Laboratory classes: The practical part of the theoretical topics will be completed with sessions in the laboratory, where the student will develop a series of programs and should try to solve a specific problem that will be received at the beginning of the semester. Some of these exercises must be delivered on the specified dates. The lab sessions will be developed in groups of two or three students. The subject includes a list of sessions in the laboratory, lasting 2 hours each, where the student will carry out the exercises. The lab report will be delivered in the virtual campus to be evaluated.
Case studies: during the final sessions of the subject, a list of practical cases will be presented to the students. These cases will contain challenges to solve with data sets and business objectives. Students will work in groups to describe a list of conclusions of their work in an oral presentation.
This approach to work is oriented to promote an active learning and developing competencies of organization and planning skills, oral and written communication, teamwork and critical reasoning.
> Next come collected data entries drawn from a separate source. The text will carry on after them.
(* Let $v$ be bounded, $N\ge2$, $\zeta_l,\zeta_r>0$, and assume $\alpha_{in}^l\alpha_{out}^r-\alpha_{out}^l\alpha_{in}^r>0$. Let $C'=3+\max\{\zeta_l,\zeta_r,1\}$, $\|v\|=\sup_n|v(n)|$, and fix $\epsilon>4\|v\|C'$. Then with $\beta=\epsilon N$, $$\mathcal{J}_{\epsilon N}(N)\ge\frac{4(\alpha_{in}^l\alpha_{out}^r-\alpha_{out}^l\alpha_{in}^r)}{\zeta_l+\zeta_r+\zeta_l\zeta_r\big(\zeta_l+\zeta_r+\epsilon N(N-1)\big)}\left(\frac12-\frac{2\|v\|C'}{\epsilon}\right)>0.$$
   Context: Let $v:\mathbb{N}\to\mathbb{R}$ be bounded, $e_1,\dots,e_N$ the standard basis of $\mathbb{C}^N$, $p_n=|e_n\rangle\langle e_n|$, $h$ the Hermitian matrix $(h\psi)(n)=-\psi(n+1)-\psi(n-1)+v(n)\psi(n)$, $n=1,\dots,N$, $\psi(0)=\psi(N+1)=0$. Let $\alpha_{in}^l,\alpha_{out}^l,\alpha_{in}^r,\alpha_{out}^r\ge0$, $\zeta_l=\alpha_{in}^l+\alpha_{out}^l$, $\zeta_r=\alpha_{in}^r+\alpha_{out}^r$. For $\beta\ge0$ define $l_\beta(a)=-i[h,a]-\{\zeta_lp_1+\zeta_rp_N,a\}+\beta\left(\sum_{n=1}^Np_nap_n-a\right)$ on $M_N(\mathbb{C})$, $R_\infty^{(\beta)}=\int_0^\infty e^{sl_\beta}(2\alpha_{in}^lp_1+2\alpha_{in}^rp_N)\,ds$, and $\mathcal{J}_\beta(N)=2\,\mathrm{Im}\langle e_2,R^{(\beta)}_\infty e_1\rangle$. *)

theory Defs
  imports "HOL-Analysis.Analysis"
begin

text \<open>Matrices in M_N(C) are represented as functions nat => nat => complex,
  with 1-based indices 1..N (entries outside {1..N}^2 are irrelevant / zero).
  The standard basis vector e_n corresponds to index n, so
  <e_i, A e_j> = A i j.\<close>

type_synonym cmat = "nat \<Rightarrow> nat \<Rightarrow> complex"

definition mmul :: "nat \<Rightarrow> cmat \<Rightarrow> cmat \<Rightarrow> cmat" where
  "mmul N A B = (\<lambda>i j. \<Sum>k\<in>{1..N}. A i k * B k j)"

text \<open>The Hermitian matrix h: (h psi)(n) = -psi(n+1) - psi(n-1) + v(n) psi(n),
  Dirichlet boundary conditions psi(0) = psi(N+1) = 0.\<close>
definition hmat :: "nat \<Rightarrow> (nat \<Rightarrow> real) \<Rightarrow> cmat" where
  "hmat N v = (\<lambda>i j. if i \<in> {1..N} \<and> j \<in> {1..N} then
      (if i = j then complex_of_real (v i) else if i = j + 1 \<or> j = i + 1 then -1 else 0)
    else 0)"

definition proj :: "nat \<Rightarrow> cmat" where
  "proj n = (\<lambda>i j. if i = n \<and> j = n then 1 else 0)"

definition lind :: "nat \<Rightarrow> (nat \<Rightarrow> real) \<Rightarrow> real \<Rightarrow> real \<Rightarrow> real \<Rightarrow> cmat \<Rightarrow> cmat" where
  "lind N v zl zr \<beta> a =
    (let H = hmat N v;
         G = (\<lambda>i j. complex_of_real zl * proj 1 i j + complex_of_real zr * proj N i j)
     in (\<lambda>i j. - \<i> * (mmul N H a i j - mmul N a H i j)
               - (mmul N G a i j + mmul N a G i j)
               + complex_of_real \<beta> *
                   ((\<Sum>n\<in>{1..N}. mmul N (mmul N (proj n) a) (proj n) i j) - a i j)))"

definition expL :: "nat \<Rightarrow> (nat \<Rightarrow> real) \<Rightarrow> real \<Rightarrow> real \<Rightarrow> real \<Rightarrow> real \<Rightarrow> cmat \<Rightarrow> cmat" where
  "expL N v zl zr \<beta> s a =
    (\<lambda>i j. \<Sum>k. complex_of_real (s ^ k / fact k) * ((lind N v zl zr \<beta> ^^ k) a i j))"

definition Rinf :: "nat \<Rightarrow> (nat \<Rightarrow> real) \<Rightarrow> real \<Rightarrow> real \<Rightarrow> real \<Rightarrow> real \<Rightarrow> real \<Rightarrow> cmat" where
  "Rinf N v ail aol air aor \<beta> =
    (let zl = ail + aol; zr = air + aor;
         a0 = (\<lambda>i j. complex_of_real (2 * ail) * proj 1 i j + complex_of_real (2 * air) * proj N i j)
     in (\<lambda>i j. integral {0..} (\<lambda>s. expL N v zl zr \<beta> s a0 i j)))"

definition Jcur :: "nat \<Rightarrow> (nat \<Rightarrow> real) \<Rightarrow> real \<Rightarrow> real \<Rightarrow> real \<Rightarrow> real \<Rightarrow> real \<Rightarrow> real" where
  "Jcur N v ail aol air aor \<beta> = 2 * Im (Rinf N v ail aol air aor \<beta> 2 1)"

definition vnorm :: "(nat \<Rightarrow> real) \<Rightarrow> real" where
  "vnorm v = (SUP n\<in>{1..}. \<bar>v n\<bar>)"

end

theory Submission
  imports Defs
begin

text \<open>
  The generator L is dissipative: Re <a, L a> = - D(a), where D(a) collects the boundary losses
  and beta times the off-diagonal mass of a. For beta > 0 the dissipation of a together with that
  of L a bounds the Frobenius norm of a, because the off-diagonal entries of L a link neighbouring
  diagonal entries of a. Hence e^{sL} decays exponentially, the integral R_infty converges, and
  L R_infty = - a_0 for the injected density a_0. Without potential this equation is solved by an
  explicit tridiagonal matrix R_0 whose bonds carry the current
  J = 2 (a_in^l a_out^r - a_out^l a_in^r) / (z_l + z_r + z_l z_r (z_l + z_r + beta (N - 1))).
  With potential, X = R_infty - R_0 solves
  L X = - i [v, R_0], an off-diagonal matrix of Frobenius norm at most sqrt (2 N) ||v|| J, and
  dissipativity gives beta |X_21| <= sqrt (2 N) ||v|| J. For beta = epsilon N this changes
  2 Im R_21 by at most 2 ||v|| J / epsilon.
\<close>

section \<open>The generator entrywise\<close>

definition boundary_rate :: "nat \<Rightarrow> real \<Rightarrow> real \<Rightarrow> nat \<Rightarrow> real" where
  "boundary_rate N zl zr i = (if i = 1 then zl else 0) + (if i = N then zr else 0)"

lemma boundary_mat_eq_diag:
  "(\<lambda>i j. complex_of_real zl * proj 1 i j + complex_of_real zr * proj N i j)
     = (\<lambda>i j. if i = j then complex_of_real (boundary_rate N zl zr i) else 0)"
  by (auto simp: fun_eq_iff proj_def boundary_rate_def)

lemma mmul_diag_left:
  "i \<in> {1..N} \<Longrightarrow> mmul N (\<lambda>i j. if i = j then d i else 0) a i j = d i * a i j"
  by (simp add: mmul_def if_distrib if_distribR cong: if_cong)

lemma mmul_diag_right:
  "j \<in> {1..N} \<Longrightarrow> mmul N a (\<lambda>i j. if i = j then d i else 0) i j = a i j * d j"
  by (simp add: mmul_def if_distrib if_distribR cong: if_cong)

lemma proj_eq_diag: "proj n = (\<lambda>i j. if i = j then (if i = n then 1 else 0) else 0)"
  by (auto simp: fun_eq_iff proj_def)

lemma sum_dephase:
  assumes "i \<in> {1..N}" "j \<in> {1..N}"
  shows "(\<Sum>n\<in>{1..N}. mmul N (mmul N (proj n) a) (proj n) i j) = (if i = j then a i i else 0)"
proof -
  have "mmul N (mmul N (proj n) a) (proj n) i j = (if i = n \<and> j = n then a i j else 0)" for n
    using assms unfolding proj_eq_diag
    by (simp add: mmul_diag_right[OF assms(2)] mmul_diag_left[OF assms(1)])
  then have "(\<Sum>n\<in>{1..N}. mmul N (mmul N (proj n) a) (proj n) i j)
      = (\<Sum>n\<in>{1..N}. if n = i then (if i = j then a i j else 0) else 0)"
    by (intro sum.cong) auto
  then show ?thesis using assms by simp
qed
The quality of the exercises carried out, their presentation and their functioning will be especially valued.
Annotation: Within the schedule set by the centre or degree programme, 15 minutes of one class will be reserved for students to evaluate their lecturers and their courses or modules through questionnaires.
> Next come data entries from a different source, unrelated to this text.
text \<open>The first s cells only see nodes below t_{k+s}, where v vanishes; the other cells are
  translates of those for n.\<close>
lemma Dki_shift:
  assumes "1 \<le> i" "i \<le> k" and vanish: "\<And>l. l < int (k + s) \<Longrightarrow> v l = 0"
  shows "Dki \<alpha> k i (n + s) v = Dki \<alpha> k i n (\<lambda>l. v (l + int s))"
proof -
  have k: "1 \<le> k" using assms by simp
  have low_zero: "piece k i (n + s) J v = [:0:]" if "J \<le> s" "J \<le> n + s" for J
    using that assms piece_nodes_bounds(2)[of i k J "n + s"] by (intro piece_const[OF k]) fastforce
  have cell_eq: "cell_integral \<alpha> (real (n + s)) (J + s) (piece k i (n + s) (J + s) v) =
      cell_integral \<alpha> (real n) J (piece k i n J (\<lambda>l. v (l + int s)))" if J: "J \<in> {1..n}" for J
  proof (cases "int k - int i < int J")
    case True
    then show ?thesis
      using cell_integral_shift[of \<alpha> "real n" s J] by (simp add: piece_shift[OF k True])
  next
    case False
    have "piece k i n J (\<lambda>l. v (l + int s)) = [:0:]"
      using False J assms piece_nodes_bounds(2)[of i k J n] by (intro piece_const[OF k]) fastforce
    moreover have "piece k i (n + s) (J + s) v = [:0:]"
      using False J assms piece_nodes_bounds(2)[of i k "J + s" "n + s"] by (intro piece_const[OF k]) fastforce
    ultimately show ?thesis by simp
  qed
  have "(\<Sum>J=1..s+n. cell_integral \<alpha> (real (n + s)) J (piece k i (n + s) J v)) =
      (\<Sum>J=1..s. cell_integral \<alpha> (real (n + s)) J (piece k i (n + s) J v)) +
      (\<Sum>J=1+s..n+s. cell_integral \<alpha> (real (n + s)) J (piece k i (n + s) J v))"
    by (subst sum.ub_add_nat) (simp_all add: add.commute)
  also have "\<dots> = (\<Sum>J=1..n. cell_integral \<alpha> (real (n + s)) (J + s) (piece k i (n + s) (J + s) v))"
    using low_zero by (simp only: sum.shift_bounds_cl_nat_ivl) simp
  also have "\<dots> = (\<Sum>J=1..n. cell_integral \<alpha> (real n) J (piece k i n J (\<lambda>l. v (l + int s))))"
    using cell_eq by simp
  finally show ?thesis unfolding Dki_eq_cell_integrals by (simp add: add.commute)
qed

lemma Dki_node_delta:
  assumes "1 \<le> i" "i \<le> k" "k \<le> j" "j \<le> n"
  shows "Dki \<alpha> k i n (node_delta j) = omega \<alpha> k i (n - j)"
proof -
  have "Dki \<alpha> k i ((k + (n - j)) + (j - k)) (node_delta j) =
        Dki \<alpha> k i (k + (n - j)) (\<lambda>l. node_delta j (l + int (j - k)))"
    using assms by (intro Dki_shift) (auto simp: node_delta_def)
  moreover have "(\<lambda>l. node_delta j (l + int (j - k))) = node_delta k"
    using assms by (auto simp: node_delta_def)
  ultimately show ?thesis using assms by (simp add: omega_eq_Dki)
qed

lemma sum_node_delta:
  "(\<Sum>j=k..n. node_delta j l) = (if int k \<le> l \<and> l \<le> int n then 1 else 0)"
proof (cases "int k \<le> l \<and> l \<le> int n")
  case True
  then have "(\<Sum>j=k..n. node_delta j l) = (\<Sum>j=k..n. if j = nat l then 1 else 0)"
    unfolding node_delta_def by (intro sum.cong) auto
  with True show ?thesis by auto
next
  case False
  then show ?thesis unfolding node_delta_def by (auto intro!: sum.neutral)
qed

lemma phi_eq_Dki_step:
  assumes "\<alpha> < 1" "1 \<le> i" "i \<le> k"
  shows "phi \<alpha> k i N = Dki \<alpha> k i (k + N) (node_step k)"
proof -
  have "phi \<alpha> k i N = (\<Sum>m=0..N. Dki \<alpha> k i (k + N) (node_delta (k + N - m)))"
    unfolding phi_def using assms by (intro sum.cong) (auto simp: Dki_node_delta)
  also have "\<dots> = (\<Sum>j=k..k+N. Dki \<alpha> k i (k + N) (node_delta j))"
    by (rule sum.reindex_bij_witness[where i="\<lambda>j. k + N - j" and j="\<lambda>m. k + N - m"]) auto
  also have "\<dots> = Dki \<alpha> k i (k + N) (\<lambda>l. \<Sum>j=k..k+N. node_delta j l)"
    using assms by (intro Dki_sum[symmetric]) auto
  also have "\<dots> = Dki \<alpha> k i (k + N) (node_step k)"
    using assms by (intro Dki_cong) (auto simp: sum_node_delta node_step_def)
  finally show ?thesis .
qed

lemma Dki_eventually_const:
  assumes "1 \<le> i" "i \<le> k" "3 * k \<le> n" and const: "\<And>l. int k \<le> l \<Longrightarrow> v l = v (int k)"
  shows "Dki \<alpha> k i n v =
    (1 / Gamma (1 - \<alpha>)) * (\<Sum>J=1..2*k. cell_integral \<alpha> (real n) J (piece k i (3 * k) J v))"
proof -
  have k: "1 \<le> k" using assms by simp
  have high_const: "piece k i n J v = [:v (int k):]" if "2 * k < J" "J \<le> n" for J
    using that assms(1-3) piece_nodes_bounds(1)[of i k J n] by (intro piece_const[OF k] const) fastforce
  have low_indep: "piece k i n J v = piece k i (3 * k) J v" if "J \<le> 2 * k" for J
    using that assms(1-3) unfolding piece_eq_interp[OF k] piece_start_def by simp
  have "(\<Sum>J=1..2*k+(n-2*k). cell_integral \<alpha> (real n) J (piece k i n J v)) =
      (\<Sum>J=1..2*k. cell_integral \<alpha> (real n) J (piece k i n J v)) +
      (\<Sum>J=2*k+1..2*k+(n-2*k). cell_integral \<alpha> (real n) J (piece k i n J v))"
    by (rule sum.ub_add_nat) simp
  also have "\<dots> = (\<Sum>J=1..2*k. cell_integral \<alpha> (real n) J (piece k i (3 * k) J v))"
    using assms(1-3) by (simp add: high_const low_indep)
  finally show ?thesis
    unfolding Dki_eq_cell_integrals using assms(3) by simp
qed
Title | Weighting | Hours | ECTS | Learning Outcomes |
---|---|---|---|---|
Case studies | 10% | 5 | 0.2 | 1, 3, 4 |
Individual exam part 1 | 30% | 2 | 0.08 | 1, 3, 4 |
Individual exam part 2 | 30% | 2 | 0.08 | 1, 3, 4 |
Lab delivery | 30% | 18 | 0.72 | 2, 3, 4 |
The objective of the assessment process is to verify that the student has achieved the knowledge and skills defined in the objectives of the subject, as well as the associated competences.
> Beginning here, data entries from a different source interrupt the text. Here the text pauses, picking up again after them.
lemma kernel_up_closed: assumes F: "up_closed L pl ng z F" and p: "p \<in> kernel L pl ng F"
  and q: "q \<in> L" and pq: "le p q"
  shows "q \<in> kernel L pl ng F"
  unfolding kernel_iff
proof (intro conjI ballI notI)
  fix a assume a: "a \<in> L - F" and "imp q a \<in> F"
  moreover have pL: "p \<in> L" using p kernel_iff by blast
  ultimately have "imp p a \<in> F" using up_closedD[OF F] imp_antimono[of p q a] q pq by simp
  then show False using p a unfolding kernel_iff by blast
qed (fact q)

lemma kernel_join_prime: assumes pf: "prime_filter L pl ng z F" and p: "p \<in> L" and q: "q \<in> L"
  and pq: "join p q \<in> kernel L pl ng F"
  shows "p \<in> kernel L pl ng F \<or> q \<in> kernel L pl ng F"
proof (rule ccontr)
  assume "\<not> ?thesis"
  then obtain s t where s: "s \<in> L - F" "imp p s \<in> F" and t: "t \<in> L - F" "imp q t \<in> F"
    using p q unfolding kernel_iff by blast
  have uc: "up_closed L pl ng z F" using pf by (rule prime_filter_up_closed)
  have meet_closed: "\<forall>x\<in>F. \<forall>y\<in>F. mv_inf pl ng x y \<in> F"
    and prime: "\<forall>a\<in>L. \<forall>b\<in>L. mv_sup pl ng a b \<in> F \<longrightarrow> a \<in> F \<or> b \<in> F"
    using pf unfolding prime_filter_def lattice_filter_def by blast+
  define r where "r = join s t"
  have rL: "r \<in> L" using s t by (simp add: r_def)
  have rF: "r \<notin> F" using prime s t unfolding r_def mv_sup_def by blast
  have "imp p r \<in> F"
    using up_closedD[OF uc s(2)] imp_mono[of p s r] join_upper1[of s t] p s t rL by (simp add: r_def)
  moreover have "imp q r \<in> F"
    using up_closedD[OF uc t(2)] imp_mono[of q t r] join_upper2[of s t] q s t rL by (simp add: r_def)
  ultimately have "meet (imp p r) (imp q r) \<in> F"
    using meet_closed unfolding mv_inf_def mv_sup_def by blast
  then have "imp (join p q) r \<in> F" using up_closedD[OF uc] meet_imp_le[of p q r] p q rL by simp
  then show False using pq rL rF unfolding kernel_iff by blast
qed

lemma kernel_linear: "prime_filter L pl ng z F \<Longrightarrow> p \<in> L \<Longrightarrow> q \<in> L \<Longrightarrow>
    imp p q \<in> kernel L pl ng F \<or> imp q p \<in> kernel L pl ng F"
  using kernel_join_prime[of F "imp p q" "imp q p"] prelinearity[of p q] one_in_kernel by simp

section \<open>The relative filter F \<sqsubseteq>\<rightarrow> G\<close>

lemma arrow_iff: "x \<in> filt_arrow L pl ng F G \<longleftrightarrow> x \<in> L \<and> (\<forall>b\<in>L - G. imp x b \<notin> F)"
  unfolding filt_arrow_def filt_sub_def mv_imp_def by blast

lemma arrow_up_closed: assumes F: "up_closed L pl ng z F"
  and x: "x \<in> filt_arrow L pl ng F G" and y: "y \<in> L" and xy: "le x y"
  shows "y \<in> filt_arrow L pl ng F G"
  unfolding arrow_iff
proof (intro conjI ballI notI)
  fix b assume b: "b \<in> L - G" and "imp y b \<in> F"
  moreover have "x \<in> L" using x arrow_iff by blast
  ultimately have "imp x b \<in> F" using up_closedD[OF F] imp_antimono[of x y b] y xy by simp
  then show False using x b arrow_iff by blast
qed (fact y)

lemma kernel_subset_arrow_kernel:
  assumes F: "up_closed L pl ng z F" and KFG: "kernel L pl ng F \<subseteq> kernel L pl ng G"
  shows "kernel L pl ng F \<subseteq> kernel L pl ng (filt_arrow L pl ng F G)"
proof
  fix w assume wF: "w \<in> kernel L pl ng F"
  then have wL: "w \<in> L" using kernel_iff by blast
  show "w \<in> kernel L pl ng (filt_arrow L pl ng F G)" unfolding kernel_iff
  proof (intro conjI ballI notI)
    fix a assume a: "a \<in> L - filt_arrow L pl ng F G" and wa: "imp w a \<in> filt_arrow L pl ng F G"
    then obtain b where b: "b \<in> L - G" "imp a b \<in> F" using arrow_iff by blast
    have "w \<in> kernel L pl ng G" using wF KFG by blast
    then have "imp w b \<notin> G" using b unfolding kernel_iff by blast
    then have "imp (imp w a) (imp w b) \<notin> F" using wa wL b arrow_iff by simp
    moreover have "imp (imp w a) (imp w b) \<in> F"
      using up_closedD[OF F b(2)] imp_prefix[of a b w] a b wL by simp
    ultimately show False by blast
  qed (fact wL)
qed

lemma arrow_kernel_excludes:
  assumes F: "up_closed L pl ng z F" and wH: "w \<in> kernel L pl ng (filt_arrow L pl ng F G)"
    and a: "a \<in> L" and wa: "imp w a \<in> F" and b: "b \<in> L - G"
  shows "imp a (imp w b) \<notin> filt_arrow L pl ng F G"
proof
  let ?H = "filt_arrow L pl ng F G"
  assume ag: "imp a (imp w b) \<in> ?H"
  have wL: "w \<in> L" using wH kernel_iff by blast
  define x where "x = imp (imp w a) b"
  have xL: "x \<in> L" using a b wL by (simp add: x_def)
  have "imp x b \<in> F"
    using up_closedD[OF F wa] join_upper1[of "imp w a" b] xL a b wL by (simp add: x_def)
  then have "x \<notin> ?H" using arrow_iff b by blast
  then have "imp w (imp w x) \<notin> ?H" using wH xL wL unfolding kernel_iff by simp
  moreover have "imp w (imp w x) = imp (imp w a) (imp w (imp w b))"
    using imp_exchange[of w "imp w a" b] imp_exchange[of w "imp w a" "imp w b"] wL a b
    by (simp add: x_def)
  ultimately show False
    using arrow_up_closed[OF F ag] imp_prefix[of a "imp w b" w] a b wL by simp
qed

text \<open>If a \<notin> F and g \<in> G, then a \<rightarrow> g \<in> F \<sqsubseteq>\<rightarrow> G.  Otherwise some c \<notin> G has
  k = (a \<rightarrow> g) \<rightarrow> c \<in> F; linearity of K(G) puts c \<rightarrow> g in K(G) \<subseteq> K(F), and the
  splitting bound together with primeness of K(F) contradicts a \<notin> F or k \<in> F.\<close>
lemma imp_in_arrow:
  assumes pF: "prime_filter L pl ng z F" and pG: "prime_filter L pl ng z G"
    and FG: "F \<subseteq> G" and KGF: "kernel L pl ng G \<subseteq> kernel L pl ng F"
    and a: "a \<in> L - F" and g: "g \<in> G"
  shows "imp a g \<in> filt_arrow L pl ng F G"
proof (rule ccontr)
  have ucF: "up_closed L pl ng z F" and ucG: "up_closed L pl ng z G"
    using pF pG by (simp_all add: prime_filter_up_closed)
  have gL: "g \<in> L" using g ucG up_closed_subset by blast
  assume "imp a g \<notin> filt_arrow L pl ng F G"
  then obtain c where c: "c \<in> L - G" and kF: "imp (imp a g) c \<in> F"
    using arrow_iff a gL by auto
  define k where "k = imp (imp a g) c"
  have kL: "k \<in> L" using a gL c by (simp add: k_def)
  have kF': "k \<in> F" using kF by (simp add: k_def)
  have "imp g c \<notin> kernel L pl ng G" using kernel_mp[OF ucG g, of c] c by blast
  then have "imp c g \<in> kernel L pl ng F" using kernel_linear[OF pG, of g c] gL c KGF by blast
  then have "join (imp k a) (imp a g) \<in> kernel L pl ng F"
    using kernel_up_closed[OF ucF] join_split_bound[of a g c] a gL c kL by (simp add: k_def)
  then consider "imp k a \<in> kernel L pl ng F" | "imp a g \<in> kernel L pl ng F"
    using kernel_join_prime[OF pF, of "imp k a" "imp a g"] a gL kL by auto
  then show False
  proof cases
    case 1
    then show False using kernel_mp[OF ucF kF' 1] a by blast
  next
    case 2
    moreover have "c \<in> L - F" using c FG by blast
    ultimately show False using kF unfolding kernel_iff by blast
  qed
qed

lemma arrow_kernel_subset_kernel:
  assumes pF: "prime_filter L pl ng z F" and pG: "prime_filter L pl ng z G"
    and FG: "F \<subseteq> G" and KGF: "kernel L pl ng G \<subseteq> kernel L pl ng F"
  shows "kernel L pl ng (filt_arrow L pl ng F G) \<subseteq> kernel L pl ng F"
proof
  fix w assume wH: "w \<in> kernel L pl ng (filt_arrow L pl ng F G)"
  then have wL: "w \<in> L" using kernel_iff by blast
  show "w \<in> kernel L pl ng F"
  proof (rule ccontr)
    assume wF: "w \<notin> kernel L pl ng F"
    then obtain a where a: "a \<in> L - F" "imp w a \<in> F" using wL unfolding kernel_iff by blast
    have "w \<notin> kernel L pl ng G" using wF KGF by blast
    then obtain b where b: "b \<in> L - G" "imp w b \<in> G" using wL unfolding kernel_iff by blast
    have "imp a (imp w b) \<notin> filt_arrow L pl ng F G"
      using arrow_kernel_excludes[OF prime_filter_up_closed[OF pF] wH] a b by blast
    moreover have "imp a (imp w b) \<in> filt_arrow L pl ng F G"
      using imp_in_arrow[OF pF pG FG KGF a(1) b(2)] .
    ultimately show False by blast
  qed
qed

end

theorem mainTheorem11:
  fixes L :: "'a set" and pl :: "'a \<Rightarrow> 'a \<Rightarrow> 'a" and ng :: "'a \<Rightarrow> 'a" and z :: 'a
    and F G :: "'a set"
  assumes "mv_algebra L pl ng z"
    and "prime_filter L pl ng z F"
    and "prime_filter L pl ng z G"
    and "F \<subseteq> G"
    and "kernel L pl ng F = kernel L pl ng G"
  shows "kernel L pl ng (filt_arrow L pl ng F G) = kernel L pl ng F"
proof -
  interpret mv_alg L pl ng z using assms(1) by (rule mv_alg.intro)
  show ?thesis
  proof
    show "kernel L pl ng (filt_arrow L pl ng F G) \<subseteq> kernel L pl ng F"
      by (rule arrow_kernel_subset_kernel) (use assms in auto)
    show "kernel L pl ng F \<subseteq> kernel L pl ng (filt_arrow L pl ng F G)"
      by (rule kernel_subset_arrow_kernel) (use assms prime_filter_up_closed in auto)
  qed
qed

end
These types of activities will be assessed independently, and the weighted sum of them will give the final grade.
Theory (T)
Solution of the laboratory practices (PL)
Completion of a practical case study (PA).
The part of Theory (T) will be evaluated with two individual written exams throughout the course. The final grade of Theory will come out of the weighted sum of the two exams (0.5 * Exam 1 + 0.5 * Exam 2). There is a minimum grade of 4 for each partial evaluation to allow the calculation of the final theory mark.
There will be a second chance to evaluate this part on the day we have assigned in the June final exams week. The parts that have not been passed in the partial theory exams must be evaluated again. The minimum grade for passing this part is >= 4.5.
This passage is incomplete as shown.